+++ Provided material +++

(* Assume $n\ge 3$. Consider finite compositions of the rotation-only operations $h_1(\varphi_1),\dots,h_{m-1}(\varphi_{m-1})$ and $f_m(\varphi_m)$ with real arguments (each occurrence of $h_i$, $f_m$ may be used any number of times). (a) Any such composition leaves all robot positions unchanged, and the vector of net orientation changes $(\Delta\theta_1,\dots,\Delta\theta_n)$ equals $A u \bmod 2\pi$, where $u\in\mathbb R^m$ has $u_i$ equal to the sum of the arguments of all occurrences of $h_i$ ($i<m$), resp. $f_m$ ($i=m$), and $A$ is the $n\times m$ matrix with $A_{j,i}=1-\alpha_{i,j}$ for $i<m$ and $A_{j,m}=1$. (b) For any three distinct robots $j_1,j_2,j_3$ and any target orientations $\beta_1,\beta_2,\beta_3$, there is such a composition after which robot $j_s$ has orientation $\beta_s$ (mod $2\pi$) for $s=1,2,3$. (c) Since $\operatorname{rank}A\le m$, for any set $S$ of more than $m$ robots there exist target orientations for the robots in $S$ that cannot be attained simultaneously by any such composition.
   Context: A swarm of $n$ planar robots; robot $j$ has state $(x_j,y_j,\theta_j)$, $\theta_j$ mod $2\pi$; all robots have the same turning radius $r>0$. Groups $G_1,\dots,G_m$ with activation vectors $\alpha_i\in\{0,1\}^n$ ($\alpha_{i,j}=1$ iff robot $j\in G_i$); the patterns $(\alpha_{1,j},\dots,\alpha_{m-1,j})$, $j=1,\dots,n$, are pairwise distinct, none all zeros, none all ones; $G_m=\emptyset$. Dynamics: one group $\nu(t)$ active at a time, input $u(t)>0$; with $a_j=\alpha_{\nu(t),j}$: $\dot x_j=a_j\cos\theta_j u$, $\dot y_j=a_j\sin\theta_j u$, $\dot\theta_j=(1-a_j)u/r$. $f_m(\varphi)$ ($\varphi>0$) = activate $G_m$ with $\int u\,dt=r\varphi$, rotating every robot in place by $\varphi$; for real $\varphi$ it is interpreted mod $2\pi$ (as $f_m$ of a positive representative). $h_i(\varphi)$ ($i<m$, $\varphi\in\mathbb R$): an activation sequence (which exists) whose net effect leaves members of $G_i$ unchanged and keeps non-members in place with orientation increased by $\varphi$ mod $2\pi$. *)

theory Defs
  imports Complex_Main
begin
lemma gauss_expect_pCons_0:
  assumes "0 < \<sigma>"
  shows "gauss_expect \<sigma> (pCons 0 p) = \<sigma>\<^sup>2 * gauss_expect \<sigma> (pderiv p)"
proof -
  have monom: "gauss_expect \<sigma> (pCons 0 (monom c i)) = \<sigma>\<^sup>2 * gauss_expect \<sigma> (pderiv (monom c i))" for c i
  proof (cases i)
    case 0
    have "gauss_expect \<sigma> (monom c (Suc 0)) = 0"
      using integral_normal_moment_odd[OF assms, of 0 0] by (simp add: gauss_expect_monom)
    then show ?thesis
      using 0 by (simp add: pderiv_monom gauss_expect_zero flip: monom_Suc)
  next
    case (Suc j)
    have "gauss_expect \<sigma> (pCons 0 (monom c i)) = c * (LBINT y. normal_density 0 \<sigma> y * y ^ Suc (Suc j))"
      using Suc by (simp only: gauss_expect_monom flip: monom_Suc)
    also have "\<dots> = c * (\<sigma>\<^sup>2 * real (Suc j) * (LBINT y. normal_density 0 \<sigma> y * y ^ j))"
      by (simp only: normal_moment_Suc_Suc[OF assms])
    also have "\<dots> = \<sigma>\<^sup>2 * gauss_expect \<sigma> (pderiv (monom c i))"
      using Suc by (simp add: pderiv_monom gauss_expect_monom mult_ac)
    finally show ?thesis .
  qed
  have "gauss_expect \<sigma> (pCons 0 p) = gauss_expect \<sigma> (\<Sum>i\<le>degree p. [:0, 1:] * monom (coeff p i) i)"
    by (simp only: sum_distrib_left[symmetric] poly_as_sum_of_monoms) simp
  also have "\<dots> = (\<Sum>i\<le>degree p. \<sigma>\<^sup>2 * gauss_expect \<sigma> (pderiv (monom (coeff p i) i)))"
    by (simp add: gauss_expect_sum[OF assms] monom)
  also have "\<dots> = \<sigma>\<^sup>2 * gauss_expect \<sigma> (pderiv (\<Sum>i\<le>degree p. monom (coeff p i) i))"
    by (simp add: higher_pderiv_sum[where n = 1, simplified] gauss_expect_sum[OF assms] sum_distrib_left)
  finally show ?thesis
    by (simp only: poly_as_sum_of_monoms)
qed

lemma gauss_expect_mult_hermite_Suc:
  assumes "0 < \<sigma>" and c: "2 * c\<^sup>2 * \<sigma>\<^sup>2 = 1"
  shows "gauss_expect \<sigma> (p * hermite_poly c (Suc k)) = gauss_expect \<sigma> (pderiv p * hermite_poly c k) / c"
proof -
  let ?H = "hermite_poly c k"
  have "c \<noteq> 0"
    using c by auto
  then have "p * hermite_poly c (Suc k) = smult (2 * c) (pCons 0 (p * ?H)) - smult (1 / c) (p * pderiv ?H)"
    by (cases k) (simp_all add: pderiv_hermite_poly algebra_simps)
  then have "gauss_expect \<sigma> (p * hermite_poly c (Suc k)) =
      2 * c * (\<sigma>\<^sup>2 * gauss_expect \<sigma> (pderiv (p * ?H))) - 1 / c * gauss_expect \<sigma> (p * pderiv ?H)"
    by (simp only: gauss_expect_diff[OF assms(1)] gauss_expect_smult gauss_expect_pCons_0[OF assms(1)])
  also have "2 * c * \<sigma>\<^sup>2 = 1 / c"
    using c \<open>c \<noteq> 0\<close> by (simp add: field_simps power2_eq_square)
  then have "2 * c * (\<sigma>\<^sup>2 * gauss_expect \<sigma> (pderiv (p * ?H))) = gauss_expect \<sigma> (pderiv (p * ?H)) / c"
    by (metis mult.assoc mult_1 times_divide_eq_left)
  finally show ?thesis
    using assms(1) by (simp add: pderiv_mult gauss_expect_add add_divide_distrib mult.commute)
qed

+++
+++ Provided material +++

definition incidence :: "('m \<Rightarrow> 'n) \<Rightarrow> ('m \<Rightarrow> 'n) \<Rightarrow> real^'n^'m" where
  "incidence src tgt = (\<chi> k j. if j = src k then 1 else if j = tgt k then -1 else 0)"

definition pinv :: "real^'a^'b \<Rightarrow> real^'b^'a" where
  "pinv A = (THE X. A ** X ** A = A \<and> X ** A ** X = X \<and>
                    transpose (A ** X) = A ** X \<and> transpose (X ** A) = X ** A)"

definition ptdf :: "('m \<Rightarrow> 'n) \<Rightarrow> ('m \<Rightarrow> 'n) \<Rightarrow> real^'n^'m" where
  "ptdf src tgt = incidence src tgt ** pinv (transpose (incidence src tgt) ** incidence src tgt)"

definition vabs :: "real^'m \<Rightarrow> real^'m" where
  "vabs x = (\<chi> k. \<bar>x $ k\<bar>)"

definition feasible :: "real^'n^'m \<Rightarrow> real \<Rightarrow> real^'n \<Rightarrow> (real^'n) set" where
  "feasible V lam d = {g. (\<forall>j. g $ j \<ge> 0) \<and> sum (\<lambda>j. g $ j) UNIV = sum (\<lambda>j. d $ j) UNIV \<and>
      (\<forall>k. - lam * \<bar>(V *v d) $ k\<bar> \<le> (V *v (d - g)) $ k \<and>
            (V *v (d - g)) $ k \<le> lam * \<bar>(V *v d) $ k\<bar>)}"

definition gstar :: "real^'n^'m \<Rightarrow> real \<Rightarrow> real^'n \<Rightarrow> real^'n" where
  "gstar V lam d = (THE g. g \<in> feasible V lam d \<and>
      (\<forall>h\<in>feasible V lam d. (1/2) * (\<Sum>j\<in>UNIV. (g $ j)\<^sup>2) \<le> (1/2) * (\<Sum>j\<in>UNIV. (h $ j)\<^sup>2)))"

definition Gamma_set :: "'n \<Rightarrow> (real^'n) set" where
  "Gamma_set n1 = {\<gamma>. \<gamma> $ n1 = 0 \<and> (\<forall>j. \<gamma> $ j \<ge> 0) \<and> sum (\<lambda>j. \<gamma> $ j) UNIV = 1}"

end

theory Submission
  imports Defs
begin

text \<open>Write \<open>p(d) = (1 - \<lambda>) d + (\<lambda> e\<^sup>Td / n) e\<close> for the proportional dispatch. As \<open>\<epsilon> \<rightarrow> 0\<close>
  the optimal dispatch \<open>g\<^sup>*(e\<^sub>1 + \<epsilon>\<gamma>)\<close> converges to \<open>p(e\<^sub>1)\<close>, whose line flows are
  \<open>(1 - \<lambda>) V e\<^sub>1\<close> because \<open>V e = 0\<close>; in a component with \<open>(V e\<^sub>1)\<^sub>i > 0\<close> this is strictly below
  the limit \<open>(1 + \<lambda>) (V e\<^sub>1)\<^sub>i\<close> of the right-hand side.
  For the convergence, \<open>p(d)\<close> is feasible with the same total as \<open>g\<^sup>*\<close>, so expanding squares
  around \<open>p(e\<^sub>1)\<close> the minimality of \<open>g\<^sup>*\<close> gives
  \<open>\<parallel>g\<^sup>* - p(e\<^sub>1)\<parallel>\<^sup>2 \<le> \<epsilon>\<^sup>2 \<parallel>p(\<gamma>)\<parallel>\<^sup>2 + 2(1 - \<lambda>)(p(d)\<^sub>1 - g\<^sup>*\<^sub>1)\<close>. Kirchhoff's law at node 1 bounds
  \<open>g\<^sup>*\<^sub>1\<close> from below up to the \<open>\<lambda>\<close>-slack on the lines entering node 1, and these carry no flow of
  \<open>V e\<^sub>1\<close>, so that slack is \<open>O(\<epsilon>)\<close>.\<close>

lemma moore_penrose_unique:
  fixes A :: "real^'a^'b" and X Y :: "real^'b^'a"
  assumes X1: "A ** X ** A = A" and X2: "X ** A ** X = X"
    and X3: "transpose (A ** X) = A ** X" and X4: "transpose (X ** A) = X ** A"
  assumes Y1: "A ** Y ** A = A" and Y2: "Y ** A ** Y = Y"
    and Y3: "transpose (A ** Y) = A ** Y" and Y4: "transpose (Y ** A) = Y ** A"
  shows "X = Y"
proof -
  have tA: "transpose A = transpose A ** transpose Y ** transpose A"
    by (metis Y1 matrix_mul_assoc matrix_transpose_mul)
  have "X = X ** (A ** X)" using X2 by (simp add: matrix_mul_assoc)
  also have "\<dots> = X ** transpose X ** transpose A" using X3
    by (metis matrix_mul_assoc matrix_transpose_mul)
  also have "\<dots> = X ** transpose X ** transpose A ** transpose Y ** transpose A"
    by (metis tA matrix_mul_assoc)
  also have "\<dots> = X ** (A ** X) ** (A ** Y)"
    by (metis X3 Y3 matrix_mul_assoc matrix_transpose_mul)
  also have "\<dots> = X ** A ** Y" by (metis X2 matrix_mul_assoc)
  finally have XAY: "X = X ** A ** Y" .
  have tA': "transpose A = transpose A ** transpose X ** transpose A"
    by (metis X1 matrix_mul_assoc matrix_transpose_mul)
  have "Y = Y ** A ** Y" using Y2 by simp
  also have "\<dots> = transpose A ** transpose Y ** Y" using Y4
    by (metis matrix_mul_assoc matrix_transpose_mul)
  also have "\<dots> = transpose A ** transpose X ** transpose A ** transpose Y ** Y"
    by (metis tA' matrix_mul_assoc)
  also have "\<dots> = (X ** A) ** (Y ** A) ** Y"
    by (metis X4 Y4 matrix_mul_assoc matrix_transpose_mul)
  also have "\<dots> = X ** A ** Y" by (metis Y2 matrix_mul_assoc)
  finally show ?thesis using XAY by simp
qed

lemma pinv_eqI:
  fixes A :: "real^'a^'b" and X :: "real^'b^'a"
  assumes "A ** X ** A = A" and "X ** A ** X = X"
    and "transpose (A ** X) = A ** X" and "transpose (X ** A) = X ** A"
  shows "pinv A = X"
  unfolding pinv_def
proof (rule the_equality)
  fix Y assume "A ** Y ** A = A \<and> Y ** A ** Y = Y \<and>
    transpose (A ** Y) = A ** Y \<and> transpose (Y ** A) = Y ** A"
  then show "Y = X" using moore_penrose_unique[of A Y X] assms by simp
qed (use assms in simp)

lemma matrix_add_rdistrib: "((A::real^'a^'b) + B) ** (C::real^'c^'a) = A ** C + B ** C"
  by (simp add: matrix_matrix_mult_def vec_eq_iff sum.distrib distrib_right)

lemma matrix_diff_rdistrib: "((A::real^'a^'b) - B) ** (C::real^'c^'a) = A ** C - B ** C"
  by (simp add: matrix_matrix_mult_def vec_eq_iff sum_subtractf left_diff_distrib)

+++
+++ Provided material +++

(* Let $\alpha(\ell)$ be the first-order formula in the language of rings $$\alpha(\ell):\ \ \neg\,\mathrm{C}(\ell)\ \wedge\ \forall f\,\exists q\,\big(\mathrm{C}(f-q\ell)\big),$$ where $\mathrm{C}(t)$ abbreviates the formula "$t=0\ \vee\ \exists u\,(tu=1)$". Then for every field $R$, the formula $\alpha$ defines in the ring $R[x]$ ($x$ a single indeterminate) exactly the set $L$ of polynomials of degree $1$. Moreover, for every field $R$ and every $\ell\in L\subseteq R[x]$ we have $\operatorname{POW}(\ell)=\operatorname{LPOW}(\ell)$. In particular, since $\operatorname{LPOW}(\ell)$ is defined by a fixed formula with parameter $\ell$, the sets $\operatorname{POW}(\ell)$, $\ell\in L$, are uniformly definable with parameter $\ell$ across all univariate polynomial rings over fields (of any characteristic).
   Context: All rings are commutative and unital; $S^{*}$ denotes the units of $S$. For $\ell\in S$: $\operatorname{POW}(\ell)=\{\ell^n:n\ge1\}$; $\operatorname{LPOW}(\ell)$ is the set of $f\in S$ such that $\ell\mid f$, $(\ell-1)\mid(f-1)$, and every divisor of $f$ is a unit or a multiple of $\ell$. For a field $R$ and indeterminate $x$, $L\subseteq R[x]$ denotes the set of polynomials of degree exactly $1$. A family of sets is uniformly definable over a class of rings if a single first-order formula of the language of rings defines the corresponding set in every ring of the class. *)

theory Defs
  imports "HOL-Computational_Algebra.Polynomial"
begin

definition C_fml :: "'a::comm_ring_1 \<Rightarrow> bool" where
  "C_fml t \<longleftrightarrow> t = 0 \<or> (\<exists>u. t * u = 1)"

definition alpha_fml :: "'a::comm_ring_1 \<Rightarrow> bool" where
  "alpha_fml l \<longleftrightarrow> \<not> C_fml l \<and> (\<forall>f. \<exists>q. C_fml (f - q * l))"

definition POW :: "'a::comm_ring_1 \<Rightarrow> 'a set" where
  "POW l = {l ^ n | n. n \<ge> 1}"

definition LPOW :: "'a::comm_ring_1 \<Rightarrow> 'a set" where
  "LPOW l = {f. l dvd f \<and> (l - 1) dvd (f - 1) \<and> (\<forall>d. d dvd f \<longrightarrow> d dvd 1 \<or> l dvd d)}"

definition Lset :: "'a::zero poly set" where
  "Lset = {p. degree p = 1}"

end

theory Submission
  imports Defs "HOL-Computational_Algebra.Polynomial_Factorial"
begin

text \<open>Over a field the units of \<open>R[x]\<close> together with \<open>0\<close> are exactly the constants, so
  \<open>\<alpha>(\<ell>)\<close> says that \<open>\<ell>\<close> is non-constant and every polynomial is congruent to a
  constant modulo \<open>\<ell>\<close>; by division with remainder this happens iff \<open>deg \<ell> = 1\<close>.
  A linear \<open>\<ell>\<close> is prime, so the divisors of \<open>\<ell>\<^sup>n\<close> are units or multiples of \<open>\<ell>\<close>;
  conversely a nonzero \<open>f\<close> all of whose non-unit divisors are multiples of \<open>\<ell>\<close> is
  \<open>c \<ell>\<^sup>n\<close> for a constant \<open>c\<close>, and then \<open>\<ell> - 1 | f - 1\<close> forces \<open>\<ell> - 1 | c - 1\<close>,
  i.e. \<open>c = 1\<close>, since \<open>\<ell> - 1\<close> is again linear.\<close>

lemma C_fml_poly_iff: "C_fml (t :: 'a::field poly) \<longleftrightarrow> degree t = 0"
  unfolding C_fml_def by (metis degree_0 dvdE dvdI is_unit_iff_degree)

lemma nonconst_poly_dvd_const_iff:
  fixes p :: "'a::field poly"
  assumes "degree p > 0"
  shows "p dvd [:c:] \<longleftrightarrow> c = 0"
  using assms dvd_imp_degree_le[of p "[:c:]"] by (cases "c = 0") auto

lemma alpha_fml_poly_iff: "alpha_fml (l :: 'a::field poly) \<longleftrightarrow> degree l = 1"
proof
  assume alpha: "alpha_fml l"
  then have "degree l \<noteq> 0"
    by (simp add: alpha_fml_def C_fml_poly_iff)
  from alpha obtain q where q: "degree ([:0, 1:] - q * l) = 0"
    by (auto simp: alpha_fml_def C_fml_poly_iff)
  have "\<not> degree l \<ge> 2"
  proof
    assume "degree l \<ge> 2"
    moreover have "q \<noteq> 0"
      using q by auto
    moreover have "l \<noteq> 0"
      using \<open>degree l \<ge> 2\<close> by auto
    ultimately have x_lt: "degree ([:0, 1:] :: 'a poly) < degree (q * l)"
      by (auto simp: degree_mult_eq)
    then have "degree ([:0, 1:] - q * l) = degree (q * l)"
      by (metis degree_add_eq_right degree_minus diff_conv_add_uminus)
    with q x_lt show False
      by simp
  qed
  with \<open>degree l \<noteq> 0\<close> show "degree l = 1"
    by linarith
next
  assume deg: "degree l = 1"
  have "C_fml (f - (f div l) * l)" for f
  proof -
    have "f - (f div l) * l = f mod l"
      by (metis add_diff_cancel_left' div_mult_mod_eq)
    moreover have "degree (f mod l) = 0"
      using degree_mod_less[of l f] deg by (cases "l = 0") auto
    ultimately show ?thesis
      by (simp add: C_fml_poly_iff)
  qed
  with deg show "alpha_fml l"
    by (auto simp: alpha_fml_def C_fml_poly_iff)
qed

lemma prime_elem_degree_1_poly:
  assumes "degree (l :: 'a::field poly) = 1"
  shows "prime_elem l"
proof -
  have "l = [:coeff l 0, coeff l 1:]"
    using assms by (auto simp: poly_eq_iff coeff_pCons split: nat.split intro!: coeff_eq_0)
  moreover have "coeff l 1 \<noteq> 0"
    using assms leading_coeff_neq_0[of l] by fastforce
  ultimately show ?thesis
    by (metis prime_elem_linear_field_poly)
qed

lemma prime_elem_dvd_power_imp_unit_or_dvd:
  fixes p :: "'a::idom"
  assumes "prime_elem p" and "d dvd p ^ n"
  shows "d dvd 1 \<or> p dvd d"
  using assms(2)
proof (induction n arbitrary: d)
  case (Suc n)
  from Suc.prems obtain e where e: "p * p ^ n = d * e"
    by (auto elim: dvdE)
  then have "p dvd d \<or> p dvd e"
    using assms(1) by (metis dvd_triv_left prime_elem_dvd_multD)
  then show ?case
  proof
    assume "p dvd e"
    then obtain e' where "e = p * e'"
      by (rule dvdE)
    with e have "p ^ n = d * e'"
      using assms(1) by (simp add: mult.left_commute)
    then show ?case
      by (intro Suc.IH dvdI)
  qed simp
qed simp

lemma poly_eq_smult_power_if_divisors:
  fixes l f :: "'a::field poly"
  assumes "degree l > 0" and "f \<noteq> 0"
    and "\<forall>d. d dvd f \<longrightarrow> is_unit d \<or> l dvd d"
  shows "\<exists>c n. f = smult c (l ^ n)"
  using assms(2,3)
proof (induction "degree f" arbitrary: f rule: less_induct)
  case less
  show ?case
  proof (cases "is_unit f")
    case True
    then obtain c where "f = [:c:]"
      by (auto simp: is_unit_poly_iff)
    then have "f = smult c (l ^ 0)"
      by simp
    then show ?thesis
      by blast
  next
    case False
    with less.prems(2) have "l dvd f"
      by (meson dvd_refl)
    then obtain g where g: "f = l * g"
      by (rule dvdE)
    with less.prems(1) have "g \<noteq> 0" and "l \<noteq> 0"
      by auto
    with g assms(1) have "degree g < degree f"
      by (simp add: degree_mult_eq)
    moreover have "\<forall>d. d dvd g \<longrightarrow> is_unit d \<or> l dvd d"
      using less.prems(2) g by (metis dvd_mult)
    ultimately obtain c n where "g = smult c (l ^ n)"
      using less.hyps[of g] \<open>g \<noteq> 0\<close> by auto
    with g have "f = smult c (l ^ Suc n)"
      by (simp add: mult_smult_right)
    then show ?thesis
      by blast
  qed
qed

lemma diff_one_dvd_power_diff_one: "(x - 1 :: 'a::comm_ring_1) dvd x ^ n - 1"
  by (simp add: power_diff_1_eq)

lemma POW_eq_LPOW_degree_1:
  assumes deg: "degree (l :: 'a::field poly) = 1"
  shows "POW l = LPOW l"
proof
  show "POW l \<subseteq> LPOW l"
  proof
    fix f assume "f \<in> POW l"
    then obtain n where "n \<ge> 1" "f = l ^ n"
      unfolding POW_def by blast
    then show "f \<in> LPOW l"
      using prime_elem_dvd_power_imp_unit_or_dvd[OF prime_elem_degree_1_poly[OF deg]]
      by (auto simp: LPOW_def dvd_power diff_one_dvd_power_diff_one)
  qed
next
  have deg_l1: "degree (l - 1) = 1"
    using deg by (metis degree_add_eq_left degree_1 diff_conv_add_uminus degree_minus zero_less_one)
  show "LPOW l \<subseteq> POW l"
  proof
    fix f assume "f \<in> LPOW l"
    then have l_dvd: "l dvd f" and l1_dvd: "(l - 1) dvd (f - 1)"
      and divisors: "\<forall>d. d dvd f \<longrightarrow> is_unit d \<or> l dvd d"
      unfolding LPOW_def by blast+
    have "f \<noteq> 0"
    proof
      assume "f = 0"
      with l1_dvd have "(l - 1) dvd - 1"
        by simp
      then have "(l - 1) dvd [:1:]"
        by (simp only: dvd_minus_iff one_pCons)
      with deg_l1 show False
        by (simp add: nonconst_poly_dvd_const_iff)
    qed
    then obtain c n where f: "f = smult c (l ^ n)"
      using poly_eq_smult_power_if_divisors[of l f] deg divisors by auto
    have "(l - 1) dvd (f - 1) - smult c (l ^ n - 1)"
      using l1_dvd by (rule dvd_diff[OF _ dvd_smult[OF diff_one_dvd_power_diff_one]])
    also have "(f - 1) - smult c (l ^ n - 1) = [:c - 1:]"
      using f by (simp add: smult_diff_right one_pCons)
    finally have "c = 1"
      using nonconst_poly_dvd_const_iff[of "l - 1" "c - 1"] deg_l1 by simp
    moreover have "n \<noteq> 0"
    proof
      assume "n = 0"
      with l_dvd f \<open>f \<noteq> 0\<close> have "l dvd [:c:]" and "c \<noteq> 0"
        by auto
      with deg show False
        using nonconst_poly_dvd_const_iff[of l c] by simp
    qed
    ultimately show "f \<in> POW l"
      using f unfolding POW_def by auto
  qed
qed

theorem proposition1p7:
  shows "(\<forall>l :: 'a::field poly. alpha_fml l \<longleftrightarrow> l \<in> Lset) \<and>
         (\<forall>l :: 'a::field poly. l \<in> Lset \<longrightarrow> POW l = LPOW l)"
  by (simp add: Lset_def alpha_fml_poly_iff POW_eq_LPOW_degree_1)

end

+++

**The task**
Across the data, find each line that has "single" in it and copy that line.

**Task answer**
(* Let $\alpha(\ell)$ be the first-order formula in the language of rings $$\alpha(\ell):\ \ \neg\,\mathrm{C}(\ell)\ \wedge\ \forall f\,\exists q\,\big(\mathrm{C}(f-q\ell)\big),$$ where $\mathrm{C}(t)$ abbreviates the formula "$t=0\ \vee\ \exists u\,(tu=1)$". Then for every field $R$, the formula $\alpha$ defines in the ring $R[x]$ ($x$ a single indeterminate) exactly the set $L$ of polynomials of degree $1$. Moreover, for every field $R$ and every $\ell\in L\subseteq R[x]$ we have $\operatorname{POW}(\ell)=\operatorname{LPOW}(\ell)$. In particular, since $\operatorname{LPOW}(\ell)$ is defined by a fixed formula with parameter $\ell$, the sets $\operatorname{POW}(\ell)$, $\ell\in L$, are uniformly definable with parameter $\ell$ across all univariate polynomial rings over fields (of any characteristic).
   Context: All rings are commutative and unital; $S^{*}$ denotes the units of $S$. For $\ell\in S$: $\operatorname{POW}(\ell)=\{\ell^n:n\ge1\}$; $\operatorname{LPOW}(\ell)$ is the set of $f\in S$ such that $\ell\mid f$, $(\ell-1)\mid(f-1)$, and every divisor of $f$ is a unit or a multiple of $\ell$. For a field $R$ and indeterminate $x$, $L\subseteq R[x]$ denotes the set of polynomials of degree exactly $1$. A family of sets is uniformly definable over a class of rings if a single first-order formula of the language of rings defines the corresponding set in every ring of the class. *)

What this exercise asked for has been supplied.